Well what a quarter that was! The global stockmarket having given investors 20% in 2019 took it back in full, in just four weeks. Coronavirus was the obvious trigger but markets looked too optimistically priced as we have been saying for a while now; so it wasn’t the only reason for the fall. The global shutdown that we are all experiencing will undoubtedly have an impact on economies and companies as consumption and production simultaneously dries up for an unspecified amount of time. Some companies will go bust despite government and central bank intervention and some of these have been on life-support for a decade now and we may be better off without them. There will also be corporate winners and sadly it looks like one of these might be Amazon, a company that has made some of its money from exploiting staff and not paying tax.
There really was nowhere to hide from the stockmarket losses this time except in UK Government Gilts. We have seen multiple claims from active fund managers that this time fixed interest wouldn’t provide downside protection and that they had found some newfangled asset class that would. The first serious market drop for a decade showed what a nonsense this was. For a long time we have heard from these same investment managers that in times like this you need active management, rather than the cheaper passive alternative. However with a few exceptions, yet again, many active managers have failed to outperform our passive benchmarks once costs are taken into account.

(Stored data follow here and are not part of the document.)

(* Let $\mathcal{A}$ be a von Neumann algebra with unit $I$ and $\tau$ a normal faithful normalized finite trace on $\mathcal{A}$, and let $T\in\mathcal{A}$ be positive with $\tau(T)=1$. Then for all $A,B\in\mathcal{A}$ and all $\alpha,\beta\in\mathbb{C}$: (1) $|\tau(TAB)-\tau(TA)\tau(TB)|\leq \|A-\alpha I\|_4\,\|B-\beta I\|_4\,\|T\|_2$; (2) $|\tau(TAB)-\tau(TA)\tau(TB)|\leq \|A-\alpha I\|_2\,\|B-\beta I\|_2\,\|T\|$; (3) $|\tau(TAB)-\tau(TA)\tau(TB)|\leq \|A-\alpha I\|\,\|B-\beta I\|$.
   Context: A finite trace $\tau$ on a von Neumann algebra is a positive linear functional with $\tau(I)<\infty$ and $\tau(XY)=\tau(YX)$; it is normal if $\sup_i\tau(X_i)=\tau(\sup_i X_i)$ for bounded increasing nets of positive elements, faithful if $\tau(X)=0$ for $X\ge 0$ implies $X=0$, and normalized if $\tau(I)=1$. For $1\le p<\infty$, $\|X\|_p=(\tau(|X|^p))^{1/p}$ with $|X|=(X^*X)^{1/2}$; $\|X\|$ denotes the operator norm. *)

theory Defs
  imports "HOL-Analysis.Analysis" "HOL-Library.Function_Algebras"
begin

class chilbert = banach +
  fixes scaleC :: "complex \<Rightarrow> 'a \<Rightarrow> 'a"
    and cinner :: "'a \<Rightarrow> 'a \<Rightarrow> complex"
  assumes scaleC_add_right: "scaleC a (x + y) = scaleC a x + scaleC a y"
    and scaleC_add_left: "scaleC (a + b) x = scaleC a x + scaleC b x"
    and scaleC_scaleC: "scaleC a (scaleC b x) = scaleC (a * b) x"
    and scaleC_one: "scaleC 1 x = x"
    and scaleC_of_real: "scaleC (complex_of_real r) x = scaleR r x"
    and cinner_conj: "cinner x y = cnj (cinner y x)"
    and cinner_add_right: "cinner x (y + z) = cinner x y + cinner x z"
    and cinner_scaleC_right: "cinner x (scaleC a y) = a * cinner x y"
    and cinner_self_norm: "cinner x x = complex_of_real ((norm x)\<^sup>2)"

definition bounded_op :: "('h::chilbert \<Rightarrow> 'h) \<Rightarrow> bool" where
  "bounded_op A \<longleftrightarrow>
     (\<forall>x y. A (x + y) = A x + A y) \<and>
     (\<forall>c x. A (scaleC c x) = scaleC c (A x)) \<and>
     (\<exists>K. \<forall>x. norm (A x) \<le> K * norm x)"

text \<open>Scalar multiple of an operator; \<open>op_scale c id\<close> is \<open>c I\<close>.\<close>
definition op_scale :: "complex \<Rightarrow> ('h::chilbert \<Rightarrow> 'h) \<Rightarrow> ('h \<Rightarrow> 'h)" where
  "op_scale c A = (\<lambda>x. scaleC c (A x))"

definition op_adjoint :: "('h::chilbert \<Rightarrow> 'h) \<Rightarrow> ('h \<Rightarrow> 'h)" where
  "op_adjoint A = (THE B. \<forall>x y. cinner (A x) y = cinner x (B y))"

definition op_positive :: "('h::chilbert \<Rightarrow> 'h) \<Rightarrow> bool" where
  "op_positive A \<longleftrightarrow> bounded_op A \<and>
     (\<forall>x. cinner x (A x) \<in> \<real> \<and> 0 \<le> Re (cinner x (A x)))"

definition op_le :: "('h::chilbert \<Rightarrow> 'h) \<Rightarrow> ('h \<Rightarrow> 'h) \<Rightarrow> bool" where
  "op_le A B \<longleftrightarrow> op_positive (B - A)"

definition op_selfadjoint :: "('h::chilbert \<Rightarrow> 'h) \<Rightarrow> bool" where
  "op_selfadjoint A \<longleftrightarrow> bounded_op A \<and> op_adjoint A = A"

definition op_is_sup :: "('h::chilbert \<Rightarrow> 'h) set \<Rightarrow> ('h \<Rightarrow> 'h) \<Rightarrow> bool" where
  "op_is_sup F S \<longleftrightarrow> op_selfadjoint S \<and> (\<forall>A\<in>F. op_le A S) \<and>
     (\<forall>U. op_selfadjoint U \<and> (\<forall>A\<in>F. op_le A U) \<longrightarrow> op_le S U)"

It may sound counterintuitive but the only good point about this market fall was the speed of the drop. As we know from numerous academic studies that the best investor behaviour is to stay invested, a quick drop is easier to deal with than a long drawn out one such as the one in 2008 or worse 2001/2002/2003.
Despite what some commentators are saying, Coronavirus is not a Black Swan event (a large and unpredictable risk) but a Grey Rhino event (a large and predictable risk). A global pandemic has been predicted for years and even practiced for by the US government last year (with disastrous results by all accounts). We hadn’t foreseen a pandemic hitting this year and have been more concerned (and remain concerned) about the global health and economic impacts of antibiotic resistance and/or climate change.
Globally we have run up financial and ecological debts that we are expecting our children and grandchildren to pay for. Post-virus we will need to look again at how we have structured our society and who pays. In the UK a Conservative government is already talking about tax rises, so the Alpha added to a portfolio by financial planning is only set to increase.